Awalnya saya merasa bahwa dia pelit karena saya tidak pernah melihatnya

memberikan receh kepada pengemis.
Padahal kalau kutaksir, gajinya lebih besar dari gajiku.
Bahkan mungkin gajiku itu besarnya hanya setengah dari gajinya.

Tapi setelah apa yang saya lihat sewaktu kami sama-sama berteduh kehujanan
di Pasar Minggu, anggapan saya itu ternyata salah.

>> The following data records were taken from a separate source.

lemma collinear_polytope_improving_edge:
  fixes K :: "'a::euclidean_space set"
  assumes K: "polytope K" and "collinear K" "p extreme_point_of K" "q \<in> K" "m \<bullet> q > m \<bullet> p"
  obtains r where "closed_segment p r face_of K" "m \<bullet> r > m \<bullet> p"
proof -
  have "K \<noteq> {}"
    using \<open>q \<in> K\<close> by blast
  then obtain x y where "K = closed_segment x y"
    using compact_convex_collinear_segment polytope_imp_compact[OF K] polytope_imp_convex[OF K]
      \<open>collinear K\<close> by blast
  moreover have "p = x \<or> p = y"
    using \<open>p extreme_point_of K\<close> calculation extreme_point_of_segment by blast
  ultimately obtain r where Kr: "K = closed_segment p r"
    using closed_segment_commute by blast
  obtain w where w: "0 \<le> w" "w \<le> 1" "q = (1 - w) *\<^sub>R p + w *\<^sub>R r"
    using \<open>q \<in> K\<close> Kr unfolding closed_segment_def by blast
  have "m \<bullet> q - m \<bullet> p = w * (m \<bullet> r - m \<bullet> p)"
    unfolding w(3) by (simp add: algebra_simps)
  then have "m \<bullet> r > m \<bullet> p"
    using \<open>m \<bullet> q > m \<bullet> p\<close> w by (smt (verit) mult_nonneg_nonpos)
  moreover have "closed_segment p r face_of K"
    using K Kr polytope_imp_convex face_of_refl by metis
  ultimately show thesis
    using that by blast
qed

lemma polytope_improving_edge:
  fixes K :: "'a::euclidean_space set"
  assumes "polytope K" "p extreme_point_of K" "q \<in> K" "m \<bullet> q > m \<bullet> p"
  obtains r where "closed_segment p r face_of K" "m \<bullet> r > m \<bullet> p"
proof -
  have "\<exists>r. closed_segment p r face_of K \<and> m \<bullet> r > m \<bullet> p"
    using assms
  proof (induction "nat (aff_dim K)" arbitrary: K q rule: less_induct)
    case less
    note K = \<open>polytope K\<close> and p = \<open>p extreme_point_of K\<close>
    show ?case
    proof (cases "collinear K")
      case True
      then show ?thesis
        using collinear_polytope_improving_edge[OF K True p less.prems(3,4)] by blast
    next
      case False
      then have "aff_dim K \<ge> 2"
        by (simp add: collinear_aff_dim)
      then obtain F q' where F: "F face_of K" "F \<noteq> K" "p \<in> F" "q' \<in> F" "m \<bullet> q' > m \<bullet> p"
        using polytope_proper_face_improving[OF K p less.prems(3,4)] by blast
      have "aff_dim F < aff_dim K"
        using F(1,2) K face_of_aff_dim_lt polytope_imp_convex by blast
      moreover have "aff_dim F \<ge> 0"
        using F(3) aff_dim_negative_iff[of F] by (metis empty_iff not_less)
      ultimately have "nat (aff_dim F) < nat (aff_dim K)"
        by simp
      moreover have "polytope F"
        using F(1) K face_of_polytope_polytope by blast
      moreover have "p extreme_point_of F"
        using F(1,3) p extreme_point_of_face by blast
      ultimately obtain r where "closed_segment p r face_of F" "m \<bullet> r > m \<bullet> p"
        using less.hyps F(4,5) by blast
      then show ?thesis
        using F(1) face_of_trans by blast
    qed
  qed
  then show thesis
    using that by blast
qed

section \<open>Polytopes with axis-parallel edges\<close>

lemma axis_parallel_polytope_maximizer_coordinatewise:
  fixes V :: "(real ^ 'n) set"
  assumes V: "polytope V"
    and axis: "\<And>p r. closed_segment p r face_of V \<Longrightarrow> card {i. p $ i \<noteq> r $ i} \<le> 1"
    and p: "p extreme_point_of V" "p \<in> maximizers V s" and "y \<in> V"
  shows "s $ i * y $ i \<le> s $ i * p $ i"
proof (rule ccontr)
  assume improvable: "\<not> ?thesis"
  define m where "m = s $ i *\<^sub>R axis i (1::real)"
  have m_inner: "m \<bullet> x = s $ i * x $ i" for x
    by (simp add: m_def inner_axis' mult.commute)
  have "m \<bullet> y > m \<bullet> p"
    using improvable m_inner by simp
  then obtain r where r: "closed_segment p r face_of V" "m \<bullet> r > m \<bullet> p"
    using polytope_improving_edge[OF V p(1) \<open>y \<in> V\<close>] by blast
  have "p $ i \<noteq> r $ i"
    using r(2) m_inner by auto
  have "r $ k = p $ k" if "k \<noteq> i" for k
  proof (rule ccontr)
    assume "r $ k \<noteq> p $ k"
    then have "k \<in> {k. p $ k \<noteq> r $ k}" "i \<in> {k. p $ k \<noteq> r $ k}"
      using \<open>p $ i \<noteq> r $ i\<close> by auto
    then have "k = i"
      using axis[OF r(1)] card_le_Suc0_iff_eq[of "{k. p $ k \<noteq> r $ k}"] by auto
    with that show False ..
  qed
  then have "r - p = (r $ i - p $ i) *\<^sub>R axis i 1"
    by (auto simp: vec_eq_iff axis_def)
  then have "s \<bullet> r - s \<bullet> p = (r $ i - p $ i) * s $ i"
    by (metis inner_diff_right inner_axis inner_scaleR_right inner_real_def mult.right_neutral)
  also have "\<dots> = m \<bullet> r - m \<bullet> p"
    by (simp add: m_inner algebra_simps)
  moreover have "s \<bullet> r \<le> s \<bullet> p"
    using p(2) r(1) face_of_imp_subset unfolding maximizers_def by blast
  ultimately show False
    using r(2) by simp
qed

lemma axis_parallel_polytope_corner:
  fixes V :: "(real ^ 'n) set"
  assumes V: "polytope V"
    and axis: "\<And>p r. closed_segment p r face_of V \<Longrightarrow> card {i. p $ i \<noteq> r $ i} \<le> 1"
    and box: "V \<subseteq> cbox lo hi"
    and lo: "\<And>i. \<exists>y \<in> V. y $ i = lo $ i" and hi: "\<And>i. \<exists>y \<in> V. y $ i = hi $ i"
  shows "(\<chi> i. if up i then hi $ i else lo $ i) \<in> V"
proof -
  define c :: "real ^ 'n" where "c = (\<chi> i. if up i then hi $ i else lo $ i)"
  define s :: "real ^ 'n" where "s = (\<chi> i. if up i then 1 else - 1)"
  have "V \<noteq> {}"
    using lo by blast
  then obtain p where p: "p extreme_point_of V" "p \<in> maximizers V s"
    using polytope_extreme_point_maximizer[OF V] by blast
  then have "p \<in> V"
    unfolding maximizers_def by blast
  have "p $ i = c $ i" for i
  proof -
    obtain y where "y \<in> V" "y $ i = c $ i"
      using lo hi unfolding c_def by (cases "up i") auto
    then have "s $ i * c $ i \<le> s $ i * p $ i"
      using axis_parallel_polytope_maximizer_coordinatewise[OF V axis p] by metis
    moreover have "lo $ i \<le> p $ i" "p $ i \<le> hi $ i"
      using box \<open>p \<in> V\<close> by (auto simp: mem_box_cart)
    ultimately show ?thesis
      unfolding s_def c_def by (cases "up i") auto
  qed
  then show ?thesis
    using \<open>p \<in> V\<close> unfolding c_def[symmetric] by (metis vec_eq_iff)
qed

lemma cbox_corner_minimizes_inner:
  fixes a x lo hi :: "real ^ 'n"
  assumes "x \<in> cbox lo hi"
  shows "a \<bullet> (\<chi> i. if a $ i \<le> 0 then hi $ i else lo $ i) \<le> a \<bullet> x"
  unfolding inner_vec_def
proof (rule sum_mono)
  fix i
  have "lo $ i \<le> x $ i" "x $ i \<le> hi $ i"
    using assms by (auto simp: mem_box_cart)
  then show "a $ i \<bullet> (\<chi> i. if a $ i \<le> 0 then hi $ i else lo $ i) $ i \<le> a $ i \<bullet> x $ i"
    by (auto simp: mult_left_mono mult_left_mono_neg)
qed

lemma axis_parallel_polytope_eq_cbox:
  fixes V :: "(real ^ 'n) set"
  assumes V: "polytope V"
    and axis: "\<And>p r. closed_segment p r face_of V \<Longrightarrow> card {i. p $ i \<noteq> r $ i} \<le> 1"
    and box: "V \<subseteq> cbox lo hi"
    and lo: "\<And>i. \<exists>y \<in> V. y $ i = lo $ i" and hi: "\<And>i. \<exists>y \<in> V. y $ i = hi $ i"
  shows "V = cbox lo hi"
proof
  show "cbox lo hi \<subseteq> V"
  proof
    fix x assume x: "x \<in> cbox lo hi"
    show "x \<in> V"
    proof (rule ccontr)
      assume "x \<notin> V"
      then obtain a b where "a \<bullet> x < b" "\<forall>y \<in> V. b < a \<bullet> y"
        using separating_hyperplane_closed_point polytope_imp_convex[OF V]
          compact_imp_closed[OF polytope_imp_compact[OF V]] by metis
      moreover have "(\<chi> i. if a $ i \<le> 0 then hi $ i else lo $ i) \<in> V"
        by (rule axis_parallel_polytope_corner[OF V axis box lo hi])
      ultimately show False
        using cbox_corner_minimizes_inner[OF x, of a] by fastforce
    qed
  qed
qed (fact box)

Seorang ibu setengah baya sambil menggendong anaknya menghampiri kami
seraya menengadahkan tangan.
Tangan saya yang sudah berancang-ancang mengeluarkan receh ditahannya.
Kemudian Diding mengeluarkan dua lembar uang dari sakunya,

satu lembar seribu rupiah, satu lembar lagi seratus ribu rupiah.
Sementara si ibu tadi ternganga entah apa yang ada di pikirannya sambil
memperhatikan dua lembar uang itu.
"Ibu kalau saya kasih pilihan mau pilih yang mana, yang seribu rupiah
atau yang seratus ribu?" tanya Diding
Sudah barang tentu, siapa pun orangnya pasti akan memilih yang lebih besar.
Termasuk ibu tadi yang serta merta menunjuk uang seratus ribu.
"Kalau ibu pilih yang seribu rupiah, tidak harus dikembalikan.
Tapi kalau ibu pilih yang seratus ribu, saya tidak memberikannya secara cuma-cuma.

Ibu harus mengembalikannya dalam waktu yang kita tentukan, bagaimana?" terang Diding.
Agak lama waktu yang dibutuhkan ibu itu untuk menjawabnya.
Terlihat ia masih nampak bingung dengan maksud sahabat saya itu.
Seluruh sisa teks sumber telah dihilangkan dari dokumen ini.